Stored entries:
⁂

lemma inner_residual_descent_field:
  "inner (f - Phi x) (Phi' x (descent_field f x)) = (norm (descent_field f x))\<^sup>2"
proof -
  let ?v = "descent_field f x"
  have "Phi' x ?v = Phi' x (\<Sum>b\<in>Basis. (?v \<bullet> b) *\<^sub>R b)"
    by (simp add: euclidean_representation)
  also have "\<dots> = (\<Sum>b\<in>Basis. (?v \<bullet> b) *\<^sub>R Phi' x b)"
    by (simp add: blinfun.sum_right blinfun.scaleR_right)
  finally have "Phi' x ?v = (\<Sum>b\<in>Basis. (?v \<bullet> b) *\<^sub>R Phi' x b)" .
  then have "inner (f - Phi x) (Phi' x ?v) = (\<Sum>b\<in>Basis. (?v \<bullet> b) * (?v \<bullet> b))"
    by (simp add: inner_sum_right descent_field_inner_Basis)
  also have "\<dots> = (norm ?v)\<^sup>2"
    by (simp add: power2_norm_eq_inner euclidean_inner[of ?v ?v])
  finally show ?thesis .
qed

lemma GF_loss_has_real_derivative:
  assumes "is_GF_solution Phi f w" "t \<ge> 0"
  shows "((\<lambda>t. loss Phi f (w t)) has_real_derivative - (norm (descent_field f (w t)))\<^sup>2)
    (at t within {0..})"
proof -
  have "((\<lambda>t. loss Phi f (w t)) has_derivative
      (\<lambda>h. - inner (f - Phi (w t)) (Phi' (w t) (h *\<^sub>R descent_field f (w t))))) (at t within {0..})"
    using diff_chain_within[OF GF_solution_has_vector_derivative[OF assms, unfolded has_vector_derivative_def]
        has_derivative_at_withinI[OF has_derivative_loss[of f]]]
    by (simp add: o_def)
  then show ?thesis
    unfolding has_field_derivative_def
    by (rule has_derivative_eq_rhs)
      (simp add: fun_eq_iff blinfun.scaleR_right inner_residual_descent_field)
qed

lemma GF_residual_antimono:
  assumes sol: "is_GF_solution Phi f w" and "0 \<le> s" "s \<le> t"
  shows "norm (f - Phi (w t)) \<le> norm (f - Phi (w s))"
proof -
  have "loss Phi f (w t) \<le> loss Phi f (w s)"
  proof (rule DERIV_within_nonpos_imp_nonincreasing[OF \<open>s \<le> t\<close>])
    fix x assume "x \<in> {s..t}"
    with \<open>0 \<le> s\<close> have "0 \<le> x" "{s..t} \<subseteq> {0..}"
      by auto
    then show "((\<lambda>t. loss Phi f (w t)) has_real_derivative - (norm (descent_field f (w x)))\<^sup>2)
        (at x within {s..t})"
      by (intro DERIV_subset[OF GF_loss_has_real_derivative[OF sol]])
  qed simp
  then have "(norm (f - Phi (w t)))\<^sup>2 \<le> (norm (f - Phi (w s)))\<^sup>2"
    by (simp add: loss_def)
  then show ?thesis
    by (rule power2_le_imp_le) simp
qed

lemma norm_descent_field_le:
  "norm (descent_field f x) \<le> DIM('w) * (norm (f - Phi x) * norm (Phi' x))"
proof (rule norm_le_DIM_mult_bound)
  fix b :: 'w assume "b \<in> Basis"
  have "\<bar>inner (f - Phi x) (Phi' x b)\<bar> \<le> norm (f - Phi x) * norm (Phi' x b)"
    by (rule Cauchy_Schwarz_ineq2)
  also have "\<dots> \<le> norm (f - Phi x) * norm (Phi' x)"
    using norm_blinfun[of "Phi' x" b] \<open>b \<in> Basis\<close> by (simp add: mult_left_mono)
  finally show "\<bar>descent_field f x \<bullet> b\<bar> \<le> norm (f - Phi x) * norm (Phi' x)"
    using \<open>b \<in> Basis\<close> by (simp add: descent_field_inner_Basis)
qed

end

locale lipschitz_gradient_flow_model = gradient_flow_model Phi Phi'
  for Phi :: "'w::euclidean_space \<Rightarrow> 'h::real_inner" and Phi' +
  fixes L :: real
  assumes lipschitz_Phi': "lipschitz_on L UNIV Phi'"
begin

lemma L_nonneg: "0 \<le> L"
  using lipschitz_on_nonneg[OF lipschitz_Phi'] .

lemma norm_Phi'_le: "norm (Phi' x) \<le> norm (Phi' 0) + L * norm x"
proof -
  have "norm (Phi' x - Phi' 0) \<le> L * norm x"
    using lipschitz_onD[OF lipschitz_Phi', of x 0] by (simp add: dist_norm)
  then show ?thesis
    using norm_triangle_ineq2[of "Phi' x" "Phi' 0"] by linarith
qed

lemma norm_Phi_diff_le:
  assumes "norm x \<le> R" "norm y \<le> R"
  shows "norm (Phi x - Phi y) \<le> (norm (Phi' 0) + L * R) * norm (x - y)"
proof (rule differentiable_bound[of "cball 0 R"])
  show "(Phi has_derivative blinfun_apply (Phi' z)) (at z within cball 0 R)" for z
    using has_derivative_Phi has_derivative_at_withinI by blast
  show "onorm (blinfun_apply (Phi' z)) \<le> norm (Phi' 0) + L * R" if "z \<in> cball 0 R" for z
    using norm_Phi'_le[of z] that L_nonneg mult_left_mono[of "norm z" R L]
    by (simp add: norm_blinfun.rep_eq[symmetric])
qed (use assms in auto)

lemma GF_speed_le:
  assumes "is_GF_solution Phi f w" "0 \<le> t"
  shows "norm (descent_field f (w t))
    \<le> DIM('w) * (norm (f - Phi 0) * (norm (Phi' 0) + L * norm (w t)))"
proof -
  have "norm (f - Phi (w t)) \<le> norm (f - Phi 0)"
    using GF_residual_antimono[OF assms(1) order_refl assms(2)] assms(1)
    by (simp add: is_GF_solution_def)
  then have "norm (f - Phi (w t)) * norm (Phi' (w t))
      \<le> norm (f - Phi 0) * (norm (Phi' 0) + L * norm (w t))"
    by (intro mult_mono norm_Phi'_le) auto
  then have "DIM('w) * (norm (f - Phi (w t)) * norm (Phi' (w t)))
      \<le> DIM('w) * (norm (f - Phi 0) * (norm (Phi' 0) + L * norm (w t)))"
    by (rule mult_left_mono) simp
  then show ?thesis
    using norm_descent_field_le[of f "w t"] by linarith
qed

lemma GF_solution_bounded:
  assumes "0 \<le> T"
  obtains R where "0 \<le> R"
    "\<And>f w t. norm f \<le> M \<Longrightarrow> is_GF_solution Phi f w \<Longrightarrow> t \<in> {0..T} \<Longrightarrow> norm (w t) \<le> R"
proof
  define A where "A = DIM('w) * (\<bar>M\<bar> + norm (Phi 0)) * norm (Phi' 0)"
  define B where "B = DIM('w) * (\<bar>M\<bar> + norm (Phi 0)) * L"
  define a where "a = A + 2 * B + 1"
  have "0 \<le> A" "0 \<le> B"
    using L_nonneg by (auto simp: A_def B_def)
  then have "0 < a"
    by (simp add: a_def)
  show "0 \<le> sqrt (A / a * exp (a * T))"
    using \<open>0 \<le> A\<close> \<open>0 < a\<close> by simp
  fix f w t
  assume f: "norm f \<le> M" and sol: "is_GF_solution Phi f w" and t: "t \<in> {0..T}"
  define z where "z = (\<lambda>s. (norm (w s))\<^sup>2)"
  have "z t + A / a \<le> (z 0 + A / a) * exp (a * t)"
  proof (rule Gronwall_inequality[OF \<open>0 < a\<close>])
    fix s assume s: "s \<in> {0..t}"
    show "(z has_real_derivative 2 * inner (w s) (descent_field f (w s))) (at s within {0..t})"
      unfolding z_def using s
      by (intro has_real_derivative_norm_power2 has_vector_derivative_within_subset
          [OF GF_solution_has_vector_derivative[OF sol]]) auto
    have "norm (f - Phi 0) \<le> \<bar>M\<bar> + norm (Phi 0)"
      using f norm_triangle_ineq4[of f "Phi 0"] by linarith
    then have "DIM('w) * (norm (f - Phi 0) * (norm (Phi' 0) + L * norm (w s)))
        \<le> DIM('w) * ((\<bar>M\<bar> + norm (Phi 0)) * (norm (Phi' 0) + L * norm (w s)))"
      using L_nonneg by (intro mult_left_mono mult_right_mono) auto
    then have "norm (descent_field f (w s)) \<le> A + B * norm (w s)"
      using GF_speed_le[OF sol, of s] s by (simp add: A_def B_def algebra_simps)
    then have "norm (w s) * norm (descent_field f (w s)) \<le> norm (w s) * (A + B * norm (w s))"
      by (rule mult_left_mono) simp
    then have "2 * inner (w s) (descent_field f (w s)) \<le> 2 * norm (w s) * (A + B * norm (w s))"
      using norm_cauchy_schwarz[of "w s" "descent_field f (w s)"] by simp
    also have "\<dots> \<le> a * z s + A"
    proof -
      have "2 * norm (w s) \<le> (norm (w s))\<^sup>2 + 1"
        using sum_squares_bound[of "norm (w s)" 1] by (simp add: power2_eq_square)
      then have "A * (2 * norm (w s)) \<le> A * ((norm (w s))\<^sup>2 + 1)"
        using \<open>0 \<le> A\<close> by (rule mult_left_mono)
      moreover have "2 * norm (w s) * (A + B * norm (w s))
          = A * (2 * norm (w s)) + 2 * B * (norm (w s))\<^sup>2"
        by (simp add: algebra_simps power2_eq_square)
      moreover have "a * z s + A = A * ((norm (w s))\<^sup>2 + 1) + 2 * B * (norm (w s))\<^sup>2 + (norm (w s))\<^sup>2"
        by (simp add: a_def z_def algebra_simps)
      ultimately show ?thesis
        using zero_le_power2[of "norm (w s)"] by linarith
    qed
    finally show "2 * inner (w s) (descent_field f (w s)) \<le> a * z s + A" .
  qed (use t in auto)
  moreover have "z 0 = 0"
    using sol by (simp add: z_def is_GF_solution_def)
  moreover have "A / a * exp (a * t) \<le> A / a * exp (a * T)"
    using t \<open>0 \<le> A\<close> \<open>0 < a\<close> by (intro mult_left_mono) auto
  moreover have "0 \<le> A / a"
    using \<open>0 \<le> A\<close> \<open>0 < a\<close> by simp
  ultimately have "z t \<le> A / a * exp (a * T)"
    by simp
  then show "norm (w t) \<le> sqrt (A / a * exp (a * T))"
    by (simp add: z_def real_le_rsqrt)
qed

lemma descent_field_lipschitz_on_bounded:
  assumes "0 \<le> R"
  obtains K where "0 < K"
    "\<And>f f' x y. norm f' \<le> M \<Longrightarrow> norm x \<le> R \<Longrightarrow> norm y \<le> R \<Longrightarrow>
       norm (descent_field f x - descent_field f' y) \<le> K * (norm (f - f') + norm (x - y))"
proof -
  define D where "D = norm (Phi' 0) + L * R"
  define P where "P = \<bar>M\<bar> + norm (Phi 0) + D * R"
  define K0 where "K0 = D * D + D + P * L"
  have "0 \<le> D" "0 \<le> P"
    using \<open>0 \<le> R\<close> L_nonneg by (auto simp: D_def P_def)
  then have "0 \<le> K0"
    using L_nonneg by (simp add: K0_def)
  have "norm (descent_field f x - descent_field f' y) \<le> (DIM('w) * K0 + 1) * (norm (f - f') + norm (x - y))"
    if f': "norm f' \<le> M" and x: "norm x \<le> R" and y: "norm y \<le> R" for f f' x y
  proof -
    let ?\<delta> = "norm (f - f') + norm (x - y)"
    have "norm (descent_field f x - descent_field f' y) \<le> DIM('w) * (K0 * ?\<delta>)"
    proof (rule norm_le_DIM_mult_bound)
      fix b :: 'w assume b: "b \<in> Basis"
      have "(descent_field f x - descent_field f' y) \<bullet> b
          = inner ((f - f') - (Phi x - Phi y)) (Phi' x b) + inner (f' - Phi y) ((Phi' x - Phi' y) b)"
        using b by (simp add: descent_field_inner_Basis inner_diff_left inner_diff_right blinfun.diff_left)
      moreover have "\<bar>inner ((f - f') - (Phi x - Phi y)) (Phi' x b)\<bar> \<le> (norm (f - f') + D * norm (x - y)) * D"
      proof -
        have "norm ((f - f') - (Phi x - Phi y)) \<le> norm (f - f') + D * norm (x - y)"
          using norm_triangle_ineq4[of "f - f'" "Phi x - Phi y"] norm_Phi_diff_le[OF x y]
          by (simp add: D_def)
        moreover have "norm (Phi' x b) \<le> D"
          using norm_blinfun[of "Phi' x" b] b norm_Phi'_le[of x] x L_nonneg
            mult_left_mono[of "norm x" R L] by (simp add: D_def)
        ultimately show ?thesis
          by (rule order_trans[OF Cauchy_Schwarz_ineq2 mult_mono]) (use \<open>0 \<le> D\<close> in auto)
      qed
      moreover have "\<bar>inner (f' - Phi y) ((Phi' x - Phi' y) b)\<bar> \<le> P * (L * norm (x - y))"
      proof -
        have "norm (Phi y - Phi 0) \<le> D * norm y"
          using norm_Phi_diff_le[OF y, of 0] \<open>0 \<le> R\<close> by (simp add: D_def)
        then have "norm (Phi y) \<le> norm (Phi 0) + D * R"
          using \<open>0 \<le> D\<close> y norm_triangle_ineq2[of "Phi y" "Phi 0"] mult_left_mono[of "norm y" R D]
          by linarith
        then have "norm (f' - Phi y) \<le> P"
          using f' norm_triangle_ineq4[of f' "Phi y"] by (simp add: P_def)
        moreover have "norm ((Phi' x - Phi' y) b) \<le> L * norm (x - y)"
          using norm_blinfun[of "Phi' x - Phi' y" b] b lipschitz_onD[OF lipschitz_Phi', of x y]
          by (simp add: dist_norm)
        ultimately show ?thesis
          by (rule order_trans[OF Cauchy_Schwarz_ineq2 mult_mono]) (use \<open>0 \<le> P\<close> in auto)
      qed
      moreover have "(norm (f - f') + D * norm (x - y)) * D + P * (L * norm (x - y)) \<le> K0 * ?\<delta>"
        using \<open>0 \<le> D\<close> \<open>0 \<le> P\<close> L_nonneg
        by (simp add: K0_def algebra_simps)
      ultimately show "\<bar>(descent_field f x - descent_field f' y) \<bullet> b\<bar> \<le> K0 * ?\<delta>"
        by linarith
    qed
    also have "\<dots> \<le> (DIM('w) * K0 + 1) * ?\<delta>"
      by (simp add: algebra_simps)
    finally show ?thesis .
  qed
  moreover have "0 < DIM('w) * K0 + 1"
    using \<open>0 \<le> K0\<close> by (simp add: add_nonneg_pos)
  ultimately show thesis
    using that by blast
qed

⁂

• _WHAT YOU SHOULD DO_: Your reply should hold only the lines from the first line of the records through the one with "by (simp add: inner_sum_right", reproduced word for word.

• _EXPECTED OUTPUT_:
lemma inner_residual_descent_field:
  "inner (f - Phi x) (Phi' x (descent_field f x)) = (norm (descent_field f x))\<^sup>2"
proof -
  let ?v = "descent_field f x"
  have "Phi' x ?v = Phi' x (\<Sum>b\<in>Basis. (?v \<bullet> b) *\<^sub>R b)"
    by (simp add: euclidean_representation)
  also have "\<dots> = (\<Sum>b\<in>Basis. (?v \<bullet> b) *\<^sub>R Phi' x b)"
    by (simp add: blinfun.sum_right blinfun.scaleR_right)
  finally have "Phi' x ?v = (\<Sum>b\<in>Basis. (?v \<bullet> b) *\<^sub>R Phi' x b)" .
  then have "inner (f - Phi x) (Phi' x ?v) = (\<Sum>b\<in>Basis. (?v \<bullet> b) * (?v \<bullet> b))"
    by (simp add: inner_sum_right descent_field_inner_Basis)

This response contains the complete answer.